No objections to this if it is doable without too much impact to the
existing code but:
a) I'm not convinced it is worth it
b) I want to look at when the String -> bytes conversions would need to
take place.

> 2. I don't like CredentialHandler.mutate(String input, byte[] salt, int
> iterations). I think it ties the method signature to the implementation
> of the mutation algorithm. PBKDF2 for instance has both "salt" and
> "iterations", but straight-up MD5 (e.g. our existing implementation)
> does not. Also, non-hashing algorithms like any symmetric encryption
> algorithm (e.g. AES, Blowfish, etc.) does not have such parameters, and
> would require instead an encryption key. I think that mutate() should
> only take a single argument but also have setters that can be called
> from configuration, like this:
> 
>   <Realm>
>     <CredentialHandler class="PBKDF2" saltSize="8" iterations="50000" />
>   </Realm>
> 
> In this case, the PBKDF2 class would have a setIterations(int) method
> and a setSaltSize(int) method to set the number of salt bytes to use.
> 
> If we want the implementations for MessageDigest-based handlers as well
> as things like PBKDF2 to extend the same base class that provides lots
> of utility methods, that's find. I just don't like tying the interface
> itself for the matches() method to a particular style of implementation.

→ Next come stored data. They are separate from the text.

(* For the Curie–Weiss model and every $0\le\beta<1$, $$\log Z_N(\beta)=N\log 2+G_N(\beta),$$ where $G_N(\beta)$ is nondecreasing in $N$ and $$\lim_{N\to\infty}G_N(\beta)=\sum_{k\ge 2}\frac{\beta^k}{2k}=-\frac{\beta}{2}-\log\sqrt{1-\beta}.$$
   Context: Curie–Weiss model: for $\sigma\in\{-1,1\}^N$, $\mathcal H_N(\sigma)=-\frac1N\sum_{1\le i<j\le N}\sigma_i\sigma_j=-\frac{1}{2N}\mathcal M_N(\sigma)^2+\frac12$, where $\mathcal M_N(\sigma)=\sum_{i=1}^N\sigma_i$. The partition function is $Z_N(\beta)=\sum_{\sigma\in\{-1,1\}^N}e^{-\beta\mathcal H_N(\sigma)}$, and $G_N(\beta):=\log Z_N(\beta)-N\log 2$. *)

theory Defs
  imports "HOL-Analysis.Analysis"
begin

definition configs :: "nat \<Rightarrow> (nat \<Rightarrow> real) set" where
  "configs N = ({1..N} \<rightarrow>\<^sub>E {-1, 1})"

definition cw_H :: "nat \<Rightarrow> (nat \<Rightarrow> real) \<Rightarrow> real" where
  "cw_H N \<sigma> = - (1 / real N) * (\<Sum>(i,j)\<in>{(i,j). 1 \<le> i \<and> i < j \<and> j \<le> N}. \<sigma> i * \<sigma> j)"

definition cw_Z :: "nat \<Rightarrow> real \<Rightarrow> real" where
  "cw_Z N \<beta> = (\<Sum>\<sigma>\<in>configs N. exp (- \<beta> * cw_H N \<sigma>))"

definition cw_G :: "nat \<Rightarrow> real \<Rightarrow> real" where
  "cw_G N \<beta> = ln (cw_Z N \<beta>) - real N * ln 2"

end

theory Submission
  imports Defs "HOL-Probability.Distributions" "HOL-Real_Asymp.Real_Asymp"
begin

text \<open>
  With \<open>M = \<Sum>\<^sub>i \<sigma>\<^sub>i\<close> the Hamiltonian is \<open>1/2 - M\<^sup>2/(2N)\<close>. Writing the Boltzmann weight
  \<open>exp (\<beta> M\<^sup>2/(2N))\<close> as the moment generating function \<open>E exp (\<surd>(\<beta>/N) M g)\<close> of a standard
  Gaussian \<open>g\<close> (Hubbard--Stratonovich) factorises the sum over spins and gives
  \<open>Z\<^sub>N(\<beta>) = exp (-\<beta>/2) 2\<^sup>N E exp (q\<^sub>N (\<surd>\<beta> g))\<close> with \<open>q\<^sub>N(t) = N ln cosh (t/\<surd>N)\<close>.
  Since \<open>ln (cosh s) / s\<^sup>2\<close> decreases on \<open>s > 0\<close> to the limit \<open>1/2\<close> at \<open>0\<close>, \<open>q\<^sub>N(t)\<close>
  increases in \<open>N\<close> to \<open>t\<^sup>2/2\<close>. Hence \<open>G\<^sub>N(\<beta>) = -\<beta>/2 + ln E exp (q\<^sub>N (\<surd>\<beta> g))\<close> is
  nondecreasing and, by dominated convergence, tends to
  \<open>-\<beta>/2 + ln E exp (\<beta> g\<^sup>2/2) = -\<beta>/2 - ln \<surd>(1 - \<beta>)\<close>, which is the sum of the series
  because \<open>-ln (1 - \<beta>) = \<Sum>\<^sub>k\<^sub>\<ge>\<^sub>1 \<beta>\<^sup>k/k\<close>.
\<close>

lemma x_le_sinh:
  fixes x :: real
  assumes "0 \<le> x"
  shows "x \<le> sinh x"
  using real_le_x_sinh[OF assms] by (simp add: sinh_def exp_minus)

lemma mult_sinh_div_cosh_le_2_ln_cosh:
  fixes t :: real
  assumes "0 \<le> t"
  shows "t * sinh t / cosh t \<le> 2 * ln (cosh t)"
proof -
  let ?f = "\<lambda>x::real. 2 * ln (cosh x) - x * sinh x / cosh x"
  have "?f 0 \<le> ?f t"
  proof (rule DERIV_nonneg_imp_nondecreasing[OF assms])
    fix x :: real
    assume "0 \<le> x"
    have "cosh x * cosh x = 1 + sinh x * sinh x"
      using cosh_square_eq[of x] by (simp add: power2_eq_square)
    then have "(?f has_real_derivative (sinh x * cosh x - x) / (cosh x)^2) (at x)"
      by (auto intro!: derivative_eq_intros simp: field_simps power2_eq_square)
    moreover have "x \<le> sinh x * cosh x"
      using x_le_sinh[of "2 * x"] \<open>0 \<le> x\<close> by (simp add: sinh_double)
    ultimately show "\<exists>y. (?f has_real_derivative y) (at x) \<and> 0 \<le> y"
      by auto
  qed
  then show ?thesis by simp
qed

lemma ln_cosh_div_square_antimono:
  fixes a b :: real
  assumes "0 < a" "a \<le> b"
  shows "ln (cosh b) / b^2 \<le> ln (cosh a) / a^2"
proof (rule DERIV_nonpos_imp_nonincreasing[OF assms(2)])
  fix x :: real
  assume "a \<le> x"
  with assms have "0 < x" by simp
  have "((\<lambda>x. ln (cosh x) / x^2) has_real_derivative
          (x * sinh x / cosh x - 2 * ln (cosh x)) / x^3) (at x)"
    using \<open>0 < x\<close> by (auto intro!: derivative_eq_intros simp: field_simps power2_eq_square power3_eq_cube)
  moreover have "(x * sinh x / cosh x - 2 * ln (cosh x)) / x^3 \<le> 0"
    using mult_sinh_div_cosh_le_2_ln_cosh[of x] \<open>0 < x\<close> by (intro divide_nonpos_pos) auto
  ultimately show "\<exists>y. ((\<lambda>x. ln (cosh x) / x^2) has_real_derivative y) (at x) \<and> y \<le> 0"
    by blast
qed

lemma ln_cosh_div_square_tendsto: "((\<lambda>t::real. ln (cosh t) / t^2) \<longlongrightarrow> 1/2) (at_right 0)"
  unfolding cosh_field_def by real_asymp

definition scaled_ln_cosh :: "nat \<Rightarrow> real \<Rightarrow> real" where
  "scaled_ln_cosh n t = real n * ln (cosh (t / sqrt (real n)))"

lemma scaled_ln_cosh_eq:
  assumes "t \<noteq> 0" "0 < n"
  shows "scaled_ln_cosh n t = t^2 * (ln (cosh (\<bar>t\<bar> / sqrt n)) / (\<bar>t\<bar> / sqrt n)^2)"
proof -
  have "cosh (\<bar>t\<bar> / sqrt n) = cosh (t / sqrt n)"
    using cosh_real_abs[of "t / sqrt n"] by (simp add: abs_divide)
  with assms show ?thesis
    by (simp add: scaled_ln_cosh_def power_divide)
qed

lemma incseq_scaled_ln_cosh: "incseq (\<lambda>n. scaled_ln_cosh n t)"
proof (rule incseq_SucI)
  fix n :: nat
  show "scaled_ln_cosh n t \<le> scaled_ln_cosh (Suc n) t"
  proof (cases "n = 0 \<or> t = 0")
    case True
    then show ?thesis by (auto simp: scaled_ln_cosh_def cosh_real_ge_1)
  next
    case False
    have "ln (cosh (\<bar>t\<bar> / sqrt n)) / (\<bar>t\<bar> / sqrt n)^2
          \<le> ln (cosh (\<bar>t\<bar> / sqrt (Suc n))) / (\<bar>t\<bar> / sqrt (Suc n))^2"
      using False by (intro ln_cosh_div_square_antimono divide_left_mono) auto
    from mult_left_mono[OF this, of "t^2"] False show ?thesis
      by (simp add: scaled_ln_cosh_eq)
  qed
qed

lemma scaled_ln_cosh_tendsto: "(\<lambda>n. scaled_ln_cosh n t) \<longlonglongrightarrow> t^2 / 2"
proof (cases "t = 0")
  case True
  then show ?thesis by (simp add: scaled_ln_cosh_def)
next
  case False
  have "filterlim (\<lambda>n. \<bar>t\<bar> / sqrt (real n)) (at_right 0) sequentially"
    using False by real_asymp
  from filterlim_compose[OF ln_cosh_div_square_tendsto this]
  have "(\<lambda>n. t^2 * (ln (cosh (\<bar>t\<bar> / sqrt n)) / (\<bar>t\<bar> / sqrt n)^2)) \<longlonglongrightarrow> t^2 * (1/2)"
    by (intro tendsto_mult_left)
  moreover have "\<forall>\<^sub>F n in sequentially.
      t^2 * (ln (cosh (\<bar>t\<bar> / sqrt n)) / (\<bar>t\<bar> / sqrt n)^2) = scaled_ln_cosh n t"
    using eventually_gt_at_top[of 0] by eventually_elim (simp add: scaled_ln_cosh_eq[OF False])
  ultimately show ?thesis
    using Lim_transform_eventually by fastforce
qed

lemma scaled_ln_cosh_le: "scaled_ln_cosh n t \<le> t^2 / 2"
  by (rule incseq_le[OF incseq_scaled_ln_cosh scaled_ln_cosh_tendsto])

lemma cosh_power_eq_exp_scaled_ln_cosh: "cosh (t / sqrt (real n)) ^ n = exp (scaled_ln_cosh n t)"
  by (simp add: scaled_ln_cosh_def exp_of_nat_mult)

lemma gaussian_mgf:
  "integrable lborel (\<lambda>x. exp (a * x) * std_normal_density x)"
  "(\<integral>x. exp (a * x) * std_normal_density x \<partial>lborel) = exp (a^2 / 2)"
proof -
  have "exp (a * x) * std_normal_density x = exp (a^2 / 2) * normal_density a 1 x" for x
  proof -
    have "a * x - x^2 / 2 = a^2 / 2 - (x - a)^2 / 2"
      by (simp add: power2_eq_square field_simps)
    then show ?thesis
      unfolding std_normal_density_def normal_density_def by (simp flip: exp_add)
  qed
  then show "integrable lborel (\<lambda>x. exp (a * x) * std_normal_density x)"
    "(\<integral>x. exp (a * x) * std_normal_density x \<partial>lborel) = exp (a^2 / 2)"
    by simp_all
qed

lemma gaussian_exp_square:
  assumes "c^2 < 1"
  shows "integrable lborel (\<lambda>x. exp ((c * x)^2 / 2) * std_normal_density x)"
    "(\<integral>x. exp ((c * x)^2 / 2) * std_normal_density x \<partial>lborel) = 1 / sqrt (1 - c^2)"
proof -
  define s where "s = 1 / sqrt (1 - c^2)"
  have "0 < s"
    using assms by (simp add: s_def)
  have "exp ((c * x)^2 / 2) * std_normal_density x = s * normal_density 0 s x" for x
  proof -
    have exponent: "(c * x)^2 / 2 + -(x^2) / 2 = -(x^2) / (2 * s^2)"
      using assms by (simp add: s_def power_divide power_mult_distrib field_simps)
    have "exp ((c * x)^2 / 2) * std_normal_density x
        = 1 / sqrt (2 * pi) * (exp ((c * x)^2 / 2) * exp (-(x^2) / 2))"
      by (simp add: std_normal_density_def normal_density_def)
    also have "\<dots> = 1 / sqrt (2 * pi) * exp (-(x^2) / (2 * s^2))"
      by (simp only: exp_add[symmetric] exponent)
    also have "\<dots> = s * normal_density 0 s x"
      using \<open>0 < s\<close> by (simp add: normal_density_def real_sqrt_mult)
    finally show ?thesis .
  qed
  then show "integrable lborel (\<lambda>x. exp ((c * x)^2 / 2) * std_normal_density x)"
    "(\<integral>x. exp ((c * x)^2 / 2) * std_normal_density x \<partial>lborel) = 1 / sqrt (1 - c^2)"
    using \<open>0 < s\<close> by (simp_all add: s_def)
qed

lemma sum_ordered_pairs_eq:
  fixes \<sigma> :: "nat \<Rightarrow> real"
  shows "2 * (\<Sum>(i,j)\<in>{(i,j). 1 \<le> i \<and> i < j \<and> j \<le> N}. \<sigma> i * \<sigma> j)
    = (\<Sum>i=1..N. \<sigma> i)^2 - (\<Sum>i=1..N. \<sigma> i ^ 2)"
proof (induction N)
  case 0
  have "{(i,j). 1 \<le> i \<and> i < j \<and> j \<le> (0::nat)} = {}"
    by auto
  then show ?case
    by (simp only:) simp
next
  case (Suc N)
  let ?P = "\<lambda>N. {(i,j). 1 \<le> i \<and> i < j \<and> j \<le> (N::nat)}"
  have "?P (Suc N) = ?P N \<union> (\<lambda>i. (i, Suc N)) ` {1..N}"
    by auto
  moreover have "finite (?P N)"
    by (rule finite_subset[of _ "{1..N} \<times> {1..N}"]) auto
  moreover have "?P N \<inter> (\<lambda>i. (i, Suc N)) ` {1..N} = {}"
    by auto
  moreover have "inj_on (\<lambda>i. (i, Suc N)) {1..N}"
    by (auto simp: inj_on_def)
  ultimately have "(\<Sum>(i,j)\<in>?P (Suc N). \<sigma> i * \<sigma> j)
      = (\<Sum>(i,j)\<in>?P N. \<sigma> i * \<sigma> j) + (\<Sum>i=1..N. \<sigma> i) * \<sigma> (Suc N)"
    by (simp add: sum.union_disjoint sum.reindex sum_distrib_right)
  with Suc.IH show ?case
    by (simp add: power2_eq_square algebra_simps)
qed

lemma cw_H_eq_magnetization:
  assumes "\<sigma> \<in> configs N" "0 < N"
  shows "cw_H N \<sigma> = 1/2 - (\<Sum>i=1..N. \<sigma> i)^2 / (2 * real N)"
proof -
  have "\<sigma> i ^ 2 = 1" if "i \<in> {1..N}" for i
  proof -
    have "\<sigma> i \<in> {-1, 1}"
      using assms(1) that unfolding configs_def by blast
    then show ?thesis by auto
  qed
  then have "(\<Sum>i=1..N. \<sigma> i ^ 2) = (\<Sum>i=1..N. 1)"
    by (intro sum.cong) auto
  then show ?thesis
    using sum_ordered_pairs_eq[of \<sigma> N] assms(2) by (simp add: cw_H_def field_simps)
qed

lemma sum_configs_exp_magnetization:
  "(\<Sum>\<sigma>\<in>configs N. exp (a * (\<Sum>i=1..N. \<sigma> i))) = (2 * cosh a) ^ N"
proof -
  have "(\<Sum>\<sigma>\<in>configs N. exp (a * (\<Sum>i=1..N. \<sigma> i)))
      = (\<Sum>\<sigma>\<in>configs N. \<Prod>i=1..N. exp (a * \<sigma> i))"
    by (simp add: exp_sum sum_distrib_left)
  also have "\<dots> = (\<Prod>i=1..N. \<Sum>s\<in>{-1,1}. exp (a * s))"
    unfolding configs_def by (rule prod_sum_PiE[symmetric]) auto
  also have "(\<Sum>s\<in>{-1,1}. exp (a * s)) = 2 * cosh a"
    by (simp add: cosh_def)
  finally show ?thesis
    by simp
qed

lemma cw_Z_Hubbard_Stratonovich:
  assumes "0 \<le> \<beta>" "0 < N"
  shows "cw_Z N \<beta> = exp (- \<beta> / 2) * 2 ^ N *
    (\<integral>x. cosh (sqrt \<beta> * x / sqrt N) ^ N * std_normal_density x \<partial>lborel)"
proof -
  define c where "c = sqrt \<beta> / sqrt N"
  define g where "g = (\<lambda>\<sigma> x. exp (c * (\<Sum>i=1..N. \<sigma> i) * x) * std_normal_density x)"
  have weight: "exp (- \<beta> * cw_H N \<sigma>) = exp (- \<beta> / 2) * (\<integral>x. g \<sigma> x \<partial>lborel)"
    if "\<sigma> \<in> configs N" for \<sigma>
  proof -
    have "- \<beta> * cw_H N \<sigma> = - \<beta> / 2 + (c * (\<Sum>i=1..N. \<sigma> i))^2 / 2"
      using assms by (simp add: cw_H_eq_magnetization[OF that] c_def power_mult_distrib
          power_divide field_simps)
    then show ?thesis
      by (simp add: g_def gaussian_mgf mult_exp_exp)
  qed
  have "cw_Z N \<beta> = exp (- \<beta> / 2) * (\<Sum>\<sigma>\<in>configs N. \<integral>x. g \<sigma> x \<partial>lborel)"
    unfolding cw_Z_def sum_distrib_left by (rule sum.cong[OF refl weight])
  also have "\<dots> = exp (- \<beta> / 2) * (\<integral>x. (\<Sum>\<sigma>\<in>configs N. g \<sigma> x) \<partial>lborel)"
    by (simp add: g_def gaussian_mgf)
  also have "(\<lambda>x. \<Sum>\<sigma>\<in>configs N. g \<sigma> x)
      = (\<lambda>x. 2 ^ N * (cosh (sqrt \<beta> * x / sqrt N) ^ N * std_normal_density x))"
  proof
    fix x
    have "(\<Sum>\<sigma>\<in>configs N. g \<sigma> x)
        = (\<Sum>\<sigma>\<in>configs N. exp ((c * x) * (\<Sum>i=1..N. \<sigma> i))) * std_normal_density x"
      by (simp add: g_def sum_distrib_left sum_distrib_right mult_ac)
    also have "\<dots> = (2 * cosh (c * x)) ^ N * std_normal_density x"
      by (simp only: sum_configs_exp_magnetization)
    also have "c * x = sqrt \<beta> * x / sqrt N"
      by (simp add: c_def)
    finally show "(\<Sum>\<sigma>\<in>configs N. g \<sigma> x)
        = 2 ^ N * (cosh (sqrt \<beta> * x / sqrt N) ^ N * std_normal_density x)"
      by (simp add: power_mult_distrib)
  qed
  finally show ?thesis
    by simp
qed
(* Let $z \in G_D(\mathbb{Q})$ and suppose $z = \pm\zeta_{p_1}^{\pm \alpha_1} \cdots \zeta_{p_k}^{\pm \alpha_k}$, where $p_1,\dots,p_k$ are distinct odd primes with $\left(\frac{-D}{p_i}\right) = 1$ for all $i$ and $\alpha_i \ge 1$. If $z$ corresponds to the normalized triple $(a, b, c)$, i.e. $z = \frac{\pm a \pm b\sqrt{-D}}{c}$ with $a^2+Db^2=c^2$, $a,b,c\in\mathbb{N}$ and $\gcd(a,b,c)=1$, then $c = p_1^{\alpha_1} \cdots p_k^{\alpha_k}$.
   Context: Let $D>1$ be a square-free integer with $-D \equiv 2$ or $3 \pmod 4$, and assume the class group $C(-4D)$ of primitive positive-definite binary quadratic forms of discriminant $-4D$ is a free $\mathbb{Z}_2$-module, i.e. $C(-4D)\cong(\mathbb{Z}/2\mathbb{Z})^n$ for some $n\ge 0$. Let $G_D(\mathbb{Q}) := \{a + b\sqrt{-D} \in \mathbb{Q}[\sqrt{-D}] : a^2 + Db^2 = 1\}$, a group under multiplication. A solution $(a,b,c)$ with $a,b,c\in\mathbb{N}$ of $x^2+Dy^2=z^2$ is normalized if $\gcd(a,b,c)=1$. For each odd prime $q$ with Legendre symbol $\left(\frac{-D}{q}\right) = 1$, there exist unique positive integers $x_0, y_0$ with $\gcd(x_0,y_0)=1$ and $q^2 = x_0^2 + D y_0^2$; define $\zeta_q := \frac{x_0 + y_0\sqrt{-D}}{q} \in G_D(\mathbb{Q})$. *)

theory Defs
  imports Complex_Main "HOL-Number_Theory.Number_Theory" "HOL-Computational_Algebra.Squarefree"
begin

definition form_eval :: "int \<times> int \<times> int \<Rightarrow> int \<Rightarrow> int \<Rightarrow> int" where
  "form_eval f x y = (case f of (a, b, c) \<Rightarrow> a * x^2 + b * x * y + c * y^2)"

definition form_disc :: "int \<times> int \<times> int \<Rightarrow> int" where
  "form_disc f = (case f of (a, b, c) \<Rightarrow> b^2 - 4 * a * c)"

definition prim_pos_def_form :: "int \<Rightarrow> int \<times> int \<times> int \<Rightarrow> bool" where
  "prim_pos_def_form d f = (case f of (a, b, c) \<Rightarrow>
      form_disc f = d \<and> d < 0 \<and> a > 0 \<and> gcd (gcd a b) c = 1)"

I take the point but having fixed values for saltSize and iterations
then limits you to using the same values for every entry in the Realm
which creates a different set of issues. I'm not sure there is an API
that can meet all those requirements but it is worth spending some time
thinking about it.

> 3. MessageDigestCredentialHandler is good, but I think we ought to
> push-down the iteration and salt members and methods from
> BaseCredentialHandler into the subclass.

Fair point if we start having CredentialHandlers based on symmetric
encryption. I'm not convinced that is a good idea but I take the point.

> 4. In MessageDigestCredentialHandler.matches, there are two uses of
> StandardCharsets.ISO_8859_1 directly instead of using the client's
> preferred character encoding. Is this a requirement of {MD5|SHA|SSHA}
> formatting or an oversight?

Don't know. It is what the current code does so I am reluctant to change
it without a report that something is broken.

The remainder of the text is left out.